**Instructions for the task:** Go through the entries below line by line and count those containing "varphi"; the answer is that count alone.

**Task data:**
(* Let $k\in\{1,2,\dots\}\cup\{\infty\}$, let $M$ be a one-dimensional locally Euclidean topological space (not necessarily Hausdorff or second countable), let $\mathcal{U}$ be a $C^k$-atlas on $M$, and let $U\subset M$ be an open subset homeomorphic to $\mathbb{R}$. Then there exists a homeomorphism $\varphi\colon U\to\mathbb{R}$ such that $\mathcal{U}\cup\{(U,\varphi)\}$ is a $C^k$-atlas on $M$, $C^k$-compatible with $\mathcal{U}$.
   Context: A chart on $M$ is a homeomorphism of an open subset of $M$ onto an open subset of $\mathbb{R}$; charts $(U,\varphi),(V,\psi)$ are $C^k$-compatible if $U\cap V=\varnothing$ or $\psi\circ\varphi^{-1}\colon\varphi(U\cap V)\to\psi(U\cap V)$ is a $C^k$-diffeomorphism; a $C^k$-atlas is a family of pairwise $C^k$-compatible charts covering $M$; two atlases are $C^k$-compatible if their union is a $C^k$-atlas. *)

theory Defs
  imports "HOL-Analysis.Analysis" "HOL-Library.Extended_Nat"
begin

definition locally_euclidean1 :: "'a topology \<Rightarrow> bool" where
  "locally_euclidean1 M \<longleftrightarrow>
     (\<forall>x\<in>topspace M. \<exists>V W. openin M V \<and> x \<in> V \<and> open W \<and>
        subtopology M V homeomorphic_space subtopology euclideanreal W)"

definition Ck_on :: "enat \<Rightarrow> real set \<Rightarrow> (real \<Rightarrow> real) \<Rightarrow> bool" where
  "Ck_on k S f \<longleftrightarrow>
     (\<exists>D :: nat \<Rightarrow> real \<Rightarrow> real.
        (\<forall>x\<in>S. D 0 x = f x) \<and>
        (\<forall>j. enat j < k \<longrightarrow> (\<forall>x\<in>S. (D j has_real_derivative D (Suc j) x) (at x))) \<and>
        (\<forall>j. enat j \<le> k \<longrightarrow> continuous_on S (D j)))"

definition Ck_diffeo :: "enat \<Rightarrow> real set \<Rightarrow> real set \<Rightarrow> (real \<Rightarrow> real) \<Rightarrow> bool" where
  "Ck_diffeo k S T f \<longleftrightarrow> bij_betw f S T \<and> Ck_on k S f \<and> Ck_on k T (inv_into S f)"

definition is_chart :: "'a topology \<Rightarrow> 'a set \<times> ('a \<Rightarrow> real) \<Rightarrow> bool" where
  "is_chart M c \<longleftrightarrow> (case c of (U, \<phi>) \<Rightarrow>
     openin M U \<and> open (\<phi> ` U) \<and>
     homeomorphic_map (subtopology M U) (subtopology euclideanreal (\<phi> ` U)) \<phi>)"

definition Ck_compatible_charts :: "enat \<Rightarrow> 'a set \<times> ('a \<Rightarrow> real) \<Rightarrow> 'a set \<times> ('a \<Rightarrow> real) \<Rightarrow> bool" where
  "Ck_compatible_charts k c d \<longleftrightarrow> (case c of (U, \<phi>) \<Rightarrow> case d of (V, \<psi>) \<Rightarrow>
     U \<inter> V = {} \<or> Ck_diffeo k (\<phi> ` (U \<inter> V)) (\<psi> ` (U \<inter> V)) (\<psi> \<circ> inv_into U \<phi>))"

definition Ck_atlas :: "enat \<Rightarrow> 'a topology \<Rightarrow> ('a set \<times> ('a \<Rightarrow> real)) set \<Rightarrow> bool" where
  "Ck_atlas k M A \<longleftrightarrow>
     (\<forall>c\<in>A. is_chart M c) \<and>
     (\<forall>c\<in>A. \<forall>d\<in>A. Ck_compatible_charts k c d) \<and>
     \<Union> (fst ` A) = topspace M"

definition Ck_atlases_compatible :: "enat \<Rightarrow> 'a topology \<Rightarrow> ('a set \<times> ('a \<Rightarrow> real)) set \<Rightarrow> ('a set \<times> ('a \<Rightarrow> real)) set \<Rightarrow> bool" where
  "Ck_atlases_compatible k M A B \<longleftrightarrow> Ck_atlas k M (A \<union> B)"

end

theory Submission
  imports Defs "HOL-Computational_Algebra.Polynomial"
begin

text \<open>Transporting the charts of the atlas along a homeomorphism \<open>U \<cong> \<real>\<close> turns the
  problem into one about a \<open>C\<^sup>k\<close> structure on the real line: continuous injective charts
  with \<open>C\<^sup>k\<close> transition maps. A smooth step function read in a single chart gives steps
  \<open>T\<close> from 0 to 1 that are \<open>C\<^sup>k\<close> in every chart and have nonvanishing chart
  derivative where they increase. By compactness, for each integer \<open>n\<close> finitely many such
  steps supported in \<open>[n - 1, n + 2]\<close> have increasing parts covering \<open>[n, n + 1]\<close>. The
  locally finite sum \<open>F = \<Sum> (T - T 0)\<close> of all of them is strictly increasing and
  unbounded, hence a homeomorphism of \<open>\<real>\<close>. It is \<open>C\<^sup>k\<close> in every chart, and its chart
  derivative never vanishes because the chart derivatives of monotone steps all have the
  same sign. By the inverse function theorem \<open>F \<circ> g\<^sup>-\<^sup>1\<close> is then a \<open>C\<^sup>k\<close>
  diffeomorphism for every chart \<open>g\<close>, so \<open>F \<circ> h\<close> is a chart on \<open>U\<close> compatible with
  the atlas.\<close>

section \<open>\<open>C\<^sup>k\<close> functions on the real line\<close>

fun Cn_on :: "nat \<Rightarrow> real set \<Rightarrow> (real \<Rightarrow> real) \<Rightarrow> bool" where
  "Cn_on 0 S f \<longleftrightarrow> continuous_on S f"
| "Cn_on (Suc n) S f \<longleftrightarrow> (\<forall>x\<in>S. f differentiable (at x)) \<and> Cn_on n S (deriv f)"

lemma Cn_on_iff_higher_deriv:
  "Cn_on n S f \<longleftrightarrow>
     (\<forall>j<n. \<forall>x\<in>S. (deriv ^^ j) f differentiable (at x)) \<and> continuous_on S ((deriv ^^ n) f)"
proof (induction n arbitrary: f)
  case (Suc n)
  show ?case
    unfolding Cn_on.simps Suc.IH All_less_Suc2 funpow_Suc_right o_def by simp
qed simp

lemma Cn_on_imp_continuous_on: "Cn_on n S f \<Longrightarrow> continuous_on S f"
  by (cases n) (auto intro: continuous_at_imp_continuous_on differentiable_imp_continuous_within)

lemma Cn_on_Suc_imp: "Cn_on (Suc n) S f \<Longrightarrow> Cn_on n S f"
proof (induction n arbitrary: f)
  case 0
  then show ?case using Cn_on_imp_continuous_on[of "Suc 0" S f] by simp
qed auto

lemma Cn_on_cong:
  assumes "open S" "\<And>x. x \<in> S \<Longrightarrow> f x = g x" "Cn_on n S f"
  shows "Cn_on n S g"
  using assms(2,3)
proof (induction n arbitrary: f g)
  case 0
  then show ?case using continuous_on_cong by force
next
  case (Suc n)
  have "(g has_real_derivative deriv f x) (at x)" if "x \<in> S" for x
  proof (rule has_field_derivative_transform_within_open[OF _ \<open>open S\<close> that])
    show "(f has_real_derivative deriv f x) (at x)"
      using Suc.prems(2) that DERIV_deriv_iff_real_differentiable by auto
  qed (use Suc.prems(1) in auto)
  moreover have "deriv f x = deriv g x" if "x \<in> S" for x
    by (rule deriv_cong_ev) (use assms(1) Suc.prems(1) that in \<open>auto simp: eventually_nhds\<close>)
  ultimately show ?case
    using Suc by (auto simp: real_differentiable_def)
qed

lemma Cn_on_subset: "T \<subseteq> S \<Longrightarrow> Cn_on n S f \<Longrightarrow> Cn_on n T f"
  by (induction n arbitrary: f) (auto intro: continuous_on_subset)

lemma Cn_on_local:
  assumes "\<And>x. x \<in> S \<Longrightarrow> \<exists>T. open T \<and> x \<in> T \<and> T \<subseteq> S \<and> Cn_on n T f"
  shows "Cn_on n S f"
  using assms
proof (induction n arbitrary: f)
  case 0
  have "isCont f x" if "x \<in> S" for x
    using "0.prems"[OF that] continuous_on_eq_continuous_at by auto
  then show ?case by (simp add: continuous_at_imp_continuous_on)
next
  case (Suc n)
  have "\<forall>x\<in>S. f differentiable (at x)"
    using Suc.prems by fastforce
  moreover have "Cn_on n S (deriv f)"
    by (rule Suc.IH) (use Suc.prems in fastforce)
  ultimately show ?case by simp
qed

lemma Cn_on_const: "Cn_on n S (\<lambda>x. c)"
  by (induction n arbitrary: c) auto

lemma Cn_on_id: "Cn_on n S (\<lambda>x. x)"
  by (cases n) (auto simp: Cn_on_const)

lemma Cn_on_add:
  assumes "open S" "Cn_on n S f" "Cn_on n S g"
  shows "Cn_on n S (\<lambda>x. f x + g x)"
  using assms(2,3)
proof (induction n arbitrary: f g)
  case (Suc n)
  have "deriv f x + deriv g x = deriv (\<lambda>x. f x + g x) x" if "x \<in> S" for x
    using Suc.prems that
    by (auto intro!: DERIV_imp_deriv[symmetric] DERIV_add simp: DERIV_deriv_iff_real_differentiable)
  moreover have "Cn_on n S (\<lambda>x. deriv f x + deriv g x)"
    using Suc by simp
  ultimately have "Cn_on n S (deriv (\<lambda>x. f x + g x))"
    by (rule Cn_on_cong[OF \<open>open S\<close>])
  then show ?case
    using Suc.prems by auto
qed (simp add: continuous_on_add)

lemma Cn_on_mult:
  assumes "open S" "Cn_on n S f" "Cn_on n S g"
  shows "Cn_on n S (\<lambda>x. f x * g x)"
  using assms(2,3)
proof (induction n arbitrary: f g)
  case (Suc n)
  have "deriv f x * g x + f x * deriv g x = deriv (\<lambda>x. f x * g x) x" if "x \<in> S" for x
  proof -
    have "(f has_real_derivative deriv f x) (at x)" "(g has_real_derivative deriv g x) (at x)"
      using Suc.prems that by (auto simp: DERIV_deriv_iff_real_differentiable)
    from DERIV_mult'[OF this] show ?thesis
      by (intro DERIV_imp_deriv[symmetric]) (simp add: add.commute)
  qed
  moreover have "Cn_on n S f" "Cn_on n S g"
    using Suc.prems Cn_on_Suc_imp by blast+
  then have "Cn_on n S (\<lambda>x. deriv f x * g x + f x * deriv g x)"
    using Suc by (intro Cn_on_add[OF \<open>open S\<close>] Suc.IH) auto
  ultimately have "Cn_on n S (deriv (\<lambda>x. f x * g x))"
    by (rule Cn_on_cong[OF \<open>open S\<close>])
  then show ?case
    using Suc.prems by auto
qed (simp add: continuous_on_mult)

lemma Cn_on_compose:
  assumes "open S" "open T" "Cn_on n T f" "Cn_on n S g" "g ` S \<subseteq> T"
  shows "Cn_on n S (\<lambda>x. f (g x))"
  using assms(3-5)
proof (induction n arbitrary: f g)
  case 0
  then show ?case using continuous_on_compose2 by auto
next
  case (Suc n)
  have "deriv f (g x) * deriv g x = deriv (\<lambda>x. f (g x)) x" if "x \<in> S" for x
    using Suc.prems that
    by (intro DERIV_imp_deriv[symmetric] DERIV_chain2) (auto simp: DERIV_deriv_iff_real_differentiable)
  moreover have "Cn_on n S (\<lambda>x. deriv f (g x))"
    by (rule Suc.IH) (use Suc.prems Cn_on_Suc_imp in auto)
  then have "Cn_on n S (\<lambda>x. deriv f (g x) * deriv g x)"
    using Suc.prems by (intro Cn_on_mult[OF \<open>open S\<close>]) auto
  ultimately have "Cn_on n S (deriv (\<lambda>x. f (g x)))"
    by (rule Cn_on_cong[OF \<open>open S\<close>])
  moreover have "(\<lambda>x. f (g x)) differentiable (at x)" if "x \<in> S" for x
    using Suc.prems that differentiable_chain_at[of g x f] by (auto simp: o_def)
  ultimately show ?case
    by simp
qed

**Response to this task:** 2